Archaeological site in Oregon, USA

The Paisley Caves or the Paisley Five Mile Point Caves complex is a system of eight caves in an arid, desolate region of south-central Oregon, United States north of the present-day city of Paisley, Oregon. The caves are located in the Summer Lake basin at 4520 ft elevation and face west, carved into a ridge of Miocene and Pliocene era basalts mixed with soft volcanic tuffs and breccias by Pleistocene-era waves from Summer Lake. One of the caves may contain archaeological evidence of the oldest definitively-dated human presence in North America. The site was first studied by Luther Cressman in the 1930s.

Scientific excavations and analysis in the Paisley Caves since 2002 have uncovered substantial new discoveries, including subfossil human coprolites with the oldest DNA evidence of human habitation in North America, various artifacts, and animal remains. The DNA was radiocarbon dated to 14,300 BP or roughly 12,000 BC. The caves were added to the National Register of Historic Places in 2014.

== Significant findings ==
In the summer of 2007, a field school from the University of Oregon identified the oldest human DNA yet discovered in the Americas. This assertion is based on analysis of several coprolite samples found in the Paisley Caves complex. In total, workers have obtained over 280 radiocarbon dates and DNA analysis from more than 60 coprolites from the Paisley Caves. Coprolite analysis at varying ages revealed that these occupants were omnivorous, eating a combination of foraged plants, seeds, small mammals such as rodents, fish, and insects like beetles. Knowledge of this omnivorous mode of sustenance supports the notion that the coprolites are human in origin. Other authors have questioned the authenticity and relevance of the evidence gathered from ancient DNA and stratigraphy and challenge the morphological assignment of the coprolites to humans. Similarly, it is uncertain if damage to pre-Clovis animal bones at the site was the result of human butchering or animal trampling.

The coprolites were found in the same level as a small rock-lined hearth some 7 ft below the modern surface.
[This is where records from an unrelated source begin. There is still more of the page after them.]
(* Let $W=(\omega_1,\ldots,\omega_r)$ be a $C(x)$-vector space basis of $A$. Let $f=\frac{aW}{u}$ and $g=\frac{bW}{v}$ with $a,b\in C[x]^r$, $u,v\in C[x]$, where $\gcd$ of $u$ with the entries of $a$ is $1$ and $\gcd$ of $v$ with the entries of $b$ is $1$. Let $\alpha\in\bar C$, and suppose $f=\Delta g$ and $\operatorname{disp}_\alpha(v)\ge0$. (i) If $W$ is a local integral basis of $A$ at every point of $\alpha+\mathbb Z$, then $\operatorname{disp}_\alpha(u)\ge\operatorname{disp}_\alpha(v)+1$. (ii) Let $e\in C[x]$ and $M\in C[x]^{r\times r}$ with $SW=\frac1e MW$. Let $\beta\in\alpha+\mathbb Z$, suppose $W$ is a local integral basis of $A$ at $Z:=\{\eta\in\alpha+\mathbb Z\mid\eta\le\beta\}$ and that $\beta$ is the only possible root of $e$ in $\alpha+\mathbb Z$. Then $\operatorname{disp}_\alpha((x-\beta)u)\ge1$; i.e. $u$ has a root in $\alpha+\mathbb Z$ distinct from $\beta$.
   Context: Let $C$ be a field of characteristic zero and $\bar C$ its algebraic closure; $\sigma(f)(x)=f(x+1)$ on $C(x)$, $C(x)[S]$ the Ore algebra with $Sf=\sigma(f)S$, $\Delta=S-1$. Fix $L=\sum_{i=0}^r\ell_iS^i\in C[x][S]$ with $\ell_0\ell_r\ne0$ and $A=C(x)[S]/C(x)[S]L$. For $\alpha\in\bar C$, operators $P=\sum p_iS^i$ act on $b:\alpha+\mathbb Z\to\bar C((q))$ by $(P\cdot b)(z)=\sum p_i(z+q)b(z+i)$; $\operatorname{Sol}_\alpha(L)=\{b: L\cdot b=0\}$; $\operatorname{val}_\alpha(f)=\min_{b\in\operatorname{Sol}_\alpha(L)}(\nu_q((f\cdot b)(\alpha))-\liminf_n\nu_q(b(\alpha-n)))$ ($\nu_q$ the $q$-adic valuation, $\infty-\infty=\infty$); $f$ is integral at $\alpha$ if $\operatorname{val}_\alpha(f)\ge0$; a local integral basis at $\alpha$ is a basis of the $C(x)_\alpha$-module of integral elements at $\alpha$, where $C(x)_\alpha=\{p/q:q(\alpha)\neq0\}$; a local integral basis at a set is one at each of its points. On $\alpha+\mathbb Z$, $\beta<\gamma$ means $\beta-\gamma$ is a negative integer. Notation: for $a=(a_1,\dots,a_r)\in C[x]^r$ and $u\in C[x]$, $\frac{aW}{u}=\frac1u\sum a_i\omega_i$, and $SW=(S\omega_1,\dots,S\omega_r)$. For $p\in C[x]$ and $\alpha\in\bar C$, the dispersion is $\operatorname{disp}_\alpha(p)=\max\{k\in\mathbb N\mid\exists\xi\in\alpha+\mathbb Z:\ p(\xi)=p(\xi+k)=0\}$, with $\max\emptyset=-\infty$. *)

theory Defs
  imports "HOL-Computational_Algebra.Computational_Algebra"
          "HOL-Library.Extended_Real"
begin

(* Base field C = 'c (char 0), algebraic closure \bar C = 'k with       *)
(* embedding \<iota> : 'c \<Rightarrow> 'k.                                      *)
lemma regular_blowup2:
  assumes "simple_graph V E" "regular V E d"
  shows "regular (blowup2_V V) (blowup2_E E) (2 * d)"
  unfolding regular_def
proof
  fix p assume "p \<in> blowup2_V V"
  then obtain l v where lv: "p = (l, v)" "l \<in> {0, 1}" "v \<in> V" unfolding blowup2_V_def by auto
  have "finite V" using assms(1) by (simp add: simple_graph_def)
  then have "degree (blowup2_V V) (blowup2_E E) p = 2 * card {w \<in> V. E v w}"
    unfolding degree_def lv(1) blowup2_neighbours[OF assms(1) lv(2)]
      by (simp add: card_cartesian_product)
  also have "\<dots> = 2 * d" using assms(2) lv(3) by (simp add: regular_def degree_def)
  finally show "degree (blowup2_V V) (blowup2_E E) p = 2 * d" .
qed

lemma lap_mult_blowup2:
  assumes "simple_graph V E" "regular V E d" "l \<in> {0, 1}" "v \<in> V"
  shows "lap_mult (blowup2_V V) (blowup2_E E) x (l, v)
     = 2 * real d * x (l, v) - (\<Sum>w\<in>{w\<in>V. E v w}. x (0, w) + x (1, w))"
proof -
  have "(l, v) \<in> blowup2_V V" using assms(3,4) by (simp add: blowup2_V_def)
  then have "lap_mult (blowup2_V V) (blowup2_E E) x (l, v)
      = real (2 * d) * x (l, v) - (\<Sum>p\<in>{0::nat, 1} \<times> {w\<in>V. E v w}. x p)"
    using lap_mult_regular[OF simple_graph_blowup2[OF assms(1)] regular_blowup2[OF assms(1,2)]]
    by (simp add: blowup2_neighbours[OF assms(1,3)])
  also have "(\<Sum>p\<in>{0::nat, 1} \<times> {w\<in>V. E v w}. x p) = (\<Sum>m\<in>{0::nat, 1}. \<Sum>w\<in>{w\<in>V. E v w}. x (m, w))"
    by (rule sum.cartesian_product')
  also have "\<dots> = (\<Sum>w\<in>{w\<in>V. E v w}. x (0, w) + x (1, w))" by (simp add: sum.distrib)
  finally show ?thesis by simp
qed

lemma inner_V_blowup2:
  "inner_V (blowup2_V V) f g = (\<Sum>v\<in>V. f (0, v) * g (0, v) + f (1, v) * g (1, v))"
proof -
  have "inner_V (blowup2_V V) f g = (\<Sum>m\<in>{0::nat, 1}. \<Sum>v\<in>V. f (m, v) * g (m, v))"
    unfolding inner_V_def blowup2_V_def by (rule sum.cartesian_product')
  then show ?thesis by (simp add: sum.distrib)
qed

lemma blowup2_eigenspace_eq:
  assumes "simple_graph V E" "regular V E d" "z \<in> eigenspace_L (blowup2_V V) (blowup2_E E) c"
    and "l \<in> {0, 1}" "v \<in> V"
  shows "c * z (l, v) = 2 * real d * z (l, v) - (\<Sum>w\<in>{w\<in>V. E v w}. z (0, w) + z (1, w))"
  using assms(3) lap_mult_blowup2[OF assms(1,2,4,5), of z]
  by (auto simp: eigenspace_L_def dest: fun_cong[where x = "(l, v)"])

lemma blowup2_eigenspace_layer_sum:
  assumes "simple_graph V E" "regular V E d" "z \<in> eigenspace_L (blowup2_V V) (blowup2_E E) c"
  shows "(\<lambda>v. z (0, v) + z (1, v)) \<in> eigenspace_L V E (c / 2)"
proof -
  have "z \<in> vecs (blowup2_V V)" using assms(3) by (simp add: eigenspace_L_def)
  then have "(\<lambda>v. z (0, v) + z (1, v)) \<in> vecs V" by (simp add: vecs_def blowup2_V_def)
  moreover have "lap_mult V E (\<lambda>v. z (0, v) + z (1, v)) v = c / 2 * (z (0, v) + z (1, v))" for v
  proof (cases "v \<in> V")
    case True
    then show ?thesis
      using lap_mult_regular[OF assms(1,2) True, of "\<lambda>v. z (0, v) + z (1, v)"]
        blowup2_eigenspace_eq[OF assms _ True, of 0] blowup2_eigenspace_eq[OF assms _ True, of 1]
      by (simp add: sum.distrib algebra_simps)
  next
    case False
    then show ?thesis using \<open>_ \<in> vecs V\<close> by (simp add: lap_mult_def vecs_def)
  qed
  ultimately show ?thesis by (simp add: eigenspace_L_def fun_eq_iff)
qed
lemma SS_gain_ge_delayed_decay:
  assumes \<beta>: "classKL \<beta>" and s: "0 \<le> s" and ab: "0 \<le> a" "a \<le> b" "b \<le> a + 1"
    and bt: "b \<le> t" and lam: "0 \<le> lam"
  shows "\<beta> s a * exp (- lam * (t - b)) \<le> SS_gain \<beta> lam s t"
proof -
  have nonneg: "0 \<le> \<beta> s (max (t / 2 - 1) 0)" "0 \<le> \<beta> s 0 * exp (- (lam / 2) * t)"
    "0 \<le> s * exp (- (lam / 2) * t)"
    using classKL_nonneg[OF \<beta> s] s by simp_all
  have "\<beta> s a * exp (- lam * (t - b)) \<le> \<beta> s (max (t / 2 - 1) 0) + \<beta> s 0 * exp (- (lam / 2) * t)"
  proof (cases "t / 2 \<le> b")
    case True
    have "\<beta> s a * exp (- lam * (t - b)) \<le> \<beta> s a"
      using classKL_nonneg[OF \<beta> s ab(1)] lam bt by (simp add: mult_left_le)
    also have "\<dots> \<le> \<beta> s (max (t / 2 - 1) 0)"
      using True ab by (intro classKL_antimono[OF \<beta> s]) auto
    finally show ?thesis
      using nonneg(2) by linarith
  next
    case False
    have "lam * t \<le> lam * (2 * (t - b))"
      using False lam by (intro mult_left_mono) auto
    then have "exp (- lam * (t - b)) \<le> exp (- (lam / 2) * t)"
      by (simp add: algebra_simps)
    then have "\<beta> s a * exp (- lam * (t - b)) \<le> \<beta> s 0 * exp (- (lam / 2) * t)"
      using ab classKL_nonneg[OF \<beta> s] by (intro mult_mono classKL_antimono[OF \<beta> s]) auto
    then show ?thesis
      using nonneg(1) by linarith
  qed
  then show ?thesis
    using nonneg(3) unfolding SS_gain_def distrib_right by linarith
qed
lemma card_pairwise_noncollinear_neighbours:
  assumes "x \<in> P" "pairwise (\<lambda>y z. \<not> col y z) Y" "\<forall>y\<in>Y. col x y"
  shows "card Y \<le> 3"
proof -
  have "join x ` Y \<subseteq> {l \<in> L. x \<in> l}"
    using join assms(3) by blast
  with inj_on_join[OF assms(2,3)] have "card Y \<le> card {l \<in> L. x \<in> l}"
    using card_inj_on_le finite_lines_through[OF assms(1)] by blast
  then show ?thesis
    using card_lines_through[OF assms(1)] by simp
qed

lemma collinear_perpset_pair:
  assumes a: "a \<in> P" and b: "b \<in> P" and ab: "\<not> col a b" and p: "p \<in> perpset P L {a, b}"
  shows "col a p" "col b p"
proof -
  have "p = a \<or> col a p" "p = b \<or> col b p"
    using p unfolding perpset_iff by blast+
  moreover have "\<not> col b a" "a \<noteq> b"
    using ab collinear_commute collinear_refl[OF a] by metis+
  ultimately show "col a p" "col b p"
    using collinear_refl[OF a] collinear_refl[OF b] by blast+
qed

lemma perpset_pair_pairwise_noncollinear:
  assumes a: "a \<in> P" and b: "b \<in> P" and ab: "\<not> col a b"
  shows "pairwise (\<lambda>p q. \<not> col p q) (perpset P L {a, b})"
proof (rule pairwiseI, rule notI)
  fix p q assume p: "p \<in> perpset P L {a, b}" and q: "q \<in> perpset P L {a, b}"
    and "p \<noteq> q" "col p q"
  then obtain l where l: "l \<in> L" "p \<in> l" "q \<in> l"
    unfolding collinear_def by blast
  have "a \<in> l" "b \<in> l"
    using in_line_if_collinear_two[OF a l \<open>p \<noteq> q\<close>] in_line_if_collinear_two[OF b l \<open>p \<noteq> q\<close>]
      collinear_perpset_pair[OF a b ab p] collinear_perpset_pair[OF a b ab q] by blast+
  then show False
    using ab collinearI[OF l(1), where Pts = P] by blast
qed

lemma card_perpset_pair_noncollinear:
  assumes a: "a \<in> P" and b: "b \<in> P" and ab: "\<not> col a b"
  shows "card (perpset P L {a, b}) = 3"
proof -
  have col_a: "\<forall>p\<in>perpset P L {a, b}. col a p"
    using collinear_perpset_pair[OF a b ab] by blast
  have "bij_betw (join a) (perpset P L {a, b}) {l \<in> L. a \<in> l}"
    unfolding bij_betw_def
  proof (intro conjI equalityI subsetI)
    show "inj_on (join a) (perpset P L {a, b})"
      by (rule inj_on_join[OF perpset_pair_pairwise_noncollinear[OF a b ab] col_a])
  next
    fix l assume "l \<in> join a ` perpset P L {a, b}"
    then obtain p where "p \<in> perpset P L {a, b}" "l = join a p"
      by blast
    then show "l \<in> {l \<in> L. a \<in> l}"
      using join[OF col_a[rule_format]] by blast
  next
    fix l assume l: "l \<in> {l \<in> L. a \<in> l}"
    then have "b \<notin> l"
      using ab collinearI[of l L a b P] by blast
    then obtain p where p: "p \<in> l" "col b p"
      using ex1_collinear_on_line[OF b] l by blast
    have "a \<noteq> p"
      using p(2) ab collinear_commute[of P L a b] by blast
    have p_perp: "p \<in> perpset P L {a, b}"
      using p l line_subset collinearI[of l L a p P] unfolding perpset_iff by blast
    then have "join a p = l"
      using lines_meet_once[of "join a p" l a p] join[OF col_a[rule_format, OF p_perp]] l p(1) \<open>a \<noteq> p\<close>
      by blast
    then show "l \<in> join a ` perpset P L {a, b}"
      using p_perp by blast
  qed
  then show ?thesis
    using card_lines_through[OF a] by (simp add: bij_betw_same_card)
qed

lemma triad_perpset_pair:
  assumes "a \<in> P" "b \<in> P" "\<not> col a b"
  shows "triad P L (perpset P L {a, b})"
  using perpset_subset[of P L] card_perpset_pair_noncollinear[OF assms]
    perpset_pair_pairwise_noncollinear[OF assms, unfolded pairwise_def]
  unfolding triad_def by blast

lemma perpset_pair_on_line:
  assumes l: "l \<in> L" and "a \<in> l" "b \<in> l" "a \<noteq> b"
  shows "perpset P L {a, b} = l"
proof
  show "perpset P L {a, b} \<subseteq> l"
  proof
    fix p assume "p \<in> perpset P L {a, b}"
    then have "p \<in> P" "p = a \<or> col a p" "p = b \<or> col b p"
      unfolding perpset_iff by blast+
    then show "p \<in> l"
      using in_line_if_collinear_two[OF _ l assms(2-4), of p] assms(2,3)
        collinear_commute[of P L a p] collinear_commute[of P L b p] by blast
  qed
  show "l \<subseteq> perpset P L {a, b}"
  proof
    fix x assume "x \<in> l"
    then show "x \<in> perpset P L {a, b}"
      using line_subset[OF l] collinearI[OF l, where Pts = P] assms(2,3) unfolding perpset_iff by blast
  qed
qed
Also discovered at that level was a large number of bones from waterfowl, fish, and large mammals, including extinct camels, horses, and bison. Radiocarbon dating dates these coprolites to 14,400 years ago, probably representing a pre-Clovis occupation. DNA analysis provides apparent genetic ties to Siberia or Asia, rather than a distinct wave of migration.

Clovis ancestors, previously thought to be the first humans to live in the Americas, are currently thought to have crossed the Bering Strait into North America 12,000 cal yr BP. However, the Paisley Caves and other archaeological sites throughout the Americas, such as Monte Verde, have been dated to earlier than Clovis technologies. Scientific debate has shifted in recent years to question this long-held "Clovis first" hypothesis.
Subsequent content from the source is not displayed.